Mulder's eyes were squeezed shut. His chest was heaving. His arms trembled, holding me up. Keeping me there, helping me do this. He'd never fought me when I dominated him, when I'd tied him up and whipped him and fucked him. I'd never fought him when he tried to beat the shit out of me, even when he used a public telephone receiver to do it. Now we'd probably fight about who was on top this time and how the used condoms were piling up beside the bed. "Jesus," I said again, still praying. A few decades to fuck and suck each other and to fight about stupid shit. Maybe God would be let me live long enough to have that, in spite of everything.

I made it the longest, slowest fuck I've ever managed. I concentrated on how it felt, every inch, every millimeter, in and out. The grip of Mulder's ass and the texture of the condom. The smell of his sweat and mine, mine sharp, his ripe. The whorls of his fingerprints against my chest and the whisper of his cock against my belly when he moved a certain way. The path of the moonlight crossing the room, his face, the pillow, and his eyes the color of limes in that light. The dizzy, light-headed feeling of not being able to hold back, the inevitability of fucking him harder, panting high and fast while Mulder grunted with every thrust. And the moment when I took my hand off the mattress, the moment before I came, and leaned all my weight on Mulder's trembling arms while I wrapped my hand around his cock so we could come together.

Perfect.

His arms bent, finally, and let me down to lie on top of him.
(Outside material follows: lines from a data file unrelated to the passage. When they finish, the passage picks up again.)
lemma gfun_has_derivative:
  assumes "0 < x" "0 < q"
  shows "(gfun \<beta> q z has_real_derivative (\<beta> * (z - 1) * x powr (z - 1) - 1) / x) (at x)"
proof -
  have powr_eq: "x powr (z - 1 - 1) = x powr (z - 1) / x"
    using assms powr_diff[of x "z - 1" 1] by simp
  have "(gfun \<beta> q z has_real_derivative
      \<beta> * ((z - 1) * x powr (z - 1 - 1)) - 1 / (real q * x) * real q) (at x)"
    unfolding gfun_def[abs_def] using assms by (auto intro!: derivative_eq_intros)
  moreover have "\<beta> * ((z - 1) * x powr (z - 1 - 1)) - 1 / (real q * x) * real q
      = (\<beta> * (z - 1) * x powr (z - 1) - 1) / x"
    unfolding powr_eq using assms by (simp add: field_simps)
  ultimately show ?thesis
    by simp
qed

lemma u_tilde_pos: "0 < \<beta> \<Longrightarrow> 1 < z \<Longrightarrow> 0 < u_tilde \<beta> z"
  unfolding u_tilde_def by simp

lemma gfun_deriv_numerator_eq:
  assumes "0 < \<beta>" "1 < z"
  shows "\<beta> * (z - 1) * x powr (z - 1) - 1 = \<beta> * (z - 1) * (x powr (z - 1) - u_tilde \<beta> z powr (z - 1))"
proof -
  have "u_tilde \<beta> z powr (z - 1) = (\<beta> * (z - 1)) powr (-1)"
    unfolding u_tilde_def powr_powr using assms by simp
  with assms show ?thesis
    by (simp add: powr_minus_divide right_diff_distrib)
qed

lemma gfun_continuous_on: "0 < q \<Longrightarrow> 0 < a \<Longrightarrow> continuous_on {a..b} (gfun \<beta> q z)"
  by (rule continuous_at_imp_continuous_on)
    (metis DERIV_isCont gfun_has_derivative atLeastAtMost_iff less_le_trans)

lemma gfun_strict_antimono_below_u_tilde:
  assumes "0 < \<beta>" "1 < z" "0 < q" "0 < x" "x < y" "y \<le> u_tilde \<beta> z"
  shows "gfun \<beta> q z y < gfun \<beta> q z x"
proof (rule DERIV_neg_imp_decreasing_open[OF \<open>x < y\<close>])
  show "continuous_on {x..y} (gfun \<beta> q z)"
    using assms by (simp add: gfun_continuous_on)
  fix t assume t: "x < t" "t < y"
  with assms have "t powr (z - 1) < u_tilde \<beta> z powr (z - 1)"
    by (intro powr_less_mono2) auto
  with assms have "(\<beta> * (z - 1) * t powr (z - 1) - 1) / t < 0"
    using t by (simp add: gfun_deriv_numerator_eq divide_neg_pos mult_pos_neg)
  with gfun_has_derivative[of t q \<beta> z] t assms
  show "\<exists>D. (gfun \<beta> q z has_real_derivative D) (at t) \<and> D < 0"
    by auto
qed

lemma gfun_strict_mono_above_u_tilde:
  assumes "0 < \<beta>" "1 < z" "0 < q" "u_tilde \<beta> z \<le> x" "x < y"
  shows "gfun \<beta> q z x < gfun \<beta> q z y"
proof (rule DERIV_pos_imp_increasing_open[OF \<open>x < y\<close>])
  have "0 < x"
    using assms u_tilde_pos by fastforce
  then show "continuous_on {x..y} (gfun \<beta> q z)"
    using assms by (simp add: gfun_continuous_on)
  fix t assume t: "x < t" "t < y"
  with assms u_tilde_pos have "u_tilde \<beta> z powr (z - 1) < t powr (z - 1)"
    by (intro powr_less_mono2) fastforce+
  with assms \<open>0 < x\<close> have "0 < (\<beta> * (z - 1) * t powr (z - 1) - 1) / t"
    using t by (simp add: gfun_deriv_numerator_eq)
  with gfun_has_derivative[of t q \<beta> z] t assms \<open>0 < x\<close>
  show "\<exists>D. (gfun \<beta> q z has_real_derivative D) (at t) \<and> 0 < D"
    by auto
qed

lemma gfun_inj_on_below_u_tilde:
  assumes "0 < \<beta>" "1 < z" "0 < q"
  shows "inj_on (gfun \<beta> q z) {0<..u_tilde \<beta> z}"
proof (rule inj_onI, rule ccontr)
  fix x y assume xy: "x \<in> {0<..u_tilde \<beta> z}" "y \<in> {0<..u_tilde \<beta> z}"
    "gfun \<beta> q z x = gfun \<beta> q z y" "x \<noteq> y"
  then consider "x < y" | "y < x" by linarith
  then show False
    by cases (use xy gfun_strict_antimono_below_u_tilde[OF assms] in fastforce)+
qed

lemma gfun_large_near_0:
  assumes "0 < q" "0 < \<beta>" "0 < b"
  obtains x where "0 < x" "x < b" "c \<le> gfun \<beta> q z x"
proof -
  define x where "x = min (b / 2) (exp (- c) / real q)"
  have x: "0 < x" "x < b"
    unfolding x_def using assms by auto
  have "x \<le> exp (- c) / real q"
    unfolding x_def by (rule min.cobounded2)
  then have "ln (real q * x) \<le> - c"
    using x assms ln_le_cancel_iff[of "real q * x" "exp (- c)"] by (simp add: field_simps)
  moreover have "0 \<le> \<beta> * x powr (z - 1)"
    using assms by simp
  ultimately have "c \<le> gfun \<beta> q z x"
    unfolding gfun_def by linarith
  with x that show ?thesis by blast
qed

lemma gfun_level_set_above_u_tilde:
  assumes "0 < \<beta>" "1 < z" "0 < q" "u_tilde \<beta> z < y"
  obtains x\<^sub>0 where "0 < x\<^sub>0" "x\<^sub>0 < u_tilde \<beta> z" "gfun \<beta> q z x\<^sub>0 = gfun \<beta> q z y"
    "\<And>x. 0 < x \<Longrightarrow> gfun \<beta> q z x = gfun \<beta> q z y \<Longrightarrow> x = x\<^sub>0 \<or> x = y"
proof -
  let ?g = "gfun \<beta> q z" and ?u = "u_tilde \<beta> z"
  have u: "0 < ?u" "?g ?u < ?g y"
    using assms u_tilde_pos gfun_strict_mono_above_u_tilde by auto
  obtain x\<^sub>1 where x\<^sub>1: "0 < x\<^sub>1" "x\<^sub>1 < ?u" "?g y \<le> ?g x\<^sub>1"
    using gfun_large_near_0[OF assms(3,1) u(1)] by blast
  obtain x\<^sub>0 where x\<^sub>0: "x\<^sub>1 \<le> x\<^sub>0" "x\<^sub>0 \<le> ?u" "?g x\<^sub>0 = ?g y"
    using IVT2'[of ?g ?u "?g y" x\<^sub>1] u x\<^sub>1 gfun_continuous_on[OF assms(3) x\<^sub>1(1)] by auto
  have "x\<^sub>0 < ?u"
    using x\<^sub>0 u by (cases "x\<^sub>0 = ?u") auto
  moreover have "x = x\<^sub>0 \<or> x = y" if "0 < x" "?g x = ?g y" for x
  proof (cases "x \<le> ?u")
    case True
    with that x\<^sub>0 x\<^sub>1 \<open>x\<^sub>0 < ?u\<close> show ?thesis
      using inj_onD[OF gfun_inj_on_below_u_tilde[OF assms(1-3)], of x x\<^sub>0] by auto
  next
    case False
    then have "?u \<le> x" "?u \<le> y"
      using assms by auto
    with that show ?thesis
      using gfun_strict_mono_above_u_tilde[OF assms(1-3), of x y] gfun_strict_mono_above_u_tilde[OF assms(1-3), of y x]
      by (cases x y rule: linorder_cases) auto
  qed
  moreover have "0 < x\<^sub>0"
    using x\<^sub>0 x\<^sub>1 by linarith
  ultimately show ?thesis
    using that x\<^sub>0 by blast
qed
He put his arms around me, tight. I wiped my hand on the bedspread and then wound it into his hair. We were both crying.

"I think I'll stay," I said at last.

"Good."

******

Epilogue

It was always Uncle Alex who told me the truth about things. Which was ironic, as it turned out. He always shot from the hip--a joke which goes beyond being ironic into being poor taste. But have you ever stopped to think about how rarely adults tell children the truth? I could count on Uncle Alex. If a shot from the doctor was going to hurt, he would tell me how much and how long the hurt would last and what could be done to make it better. If someone had died, he said they had died and not that they had "gone to heaven" or "passed on". If he told me to do something, he always had a reason for it, and the reason always made sense. And if he said I wasn't acting very smart, well, that was harsh criticism from his lips.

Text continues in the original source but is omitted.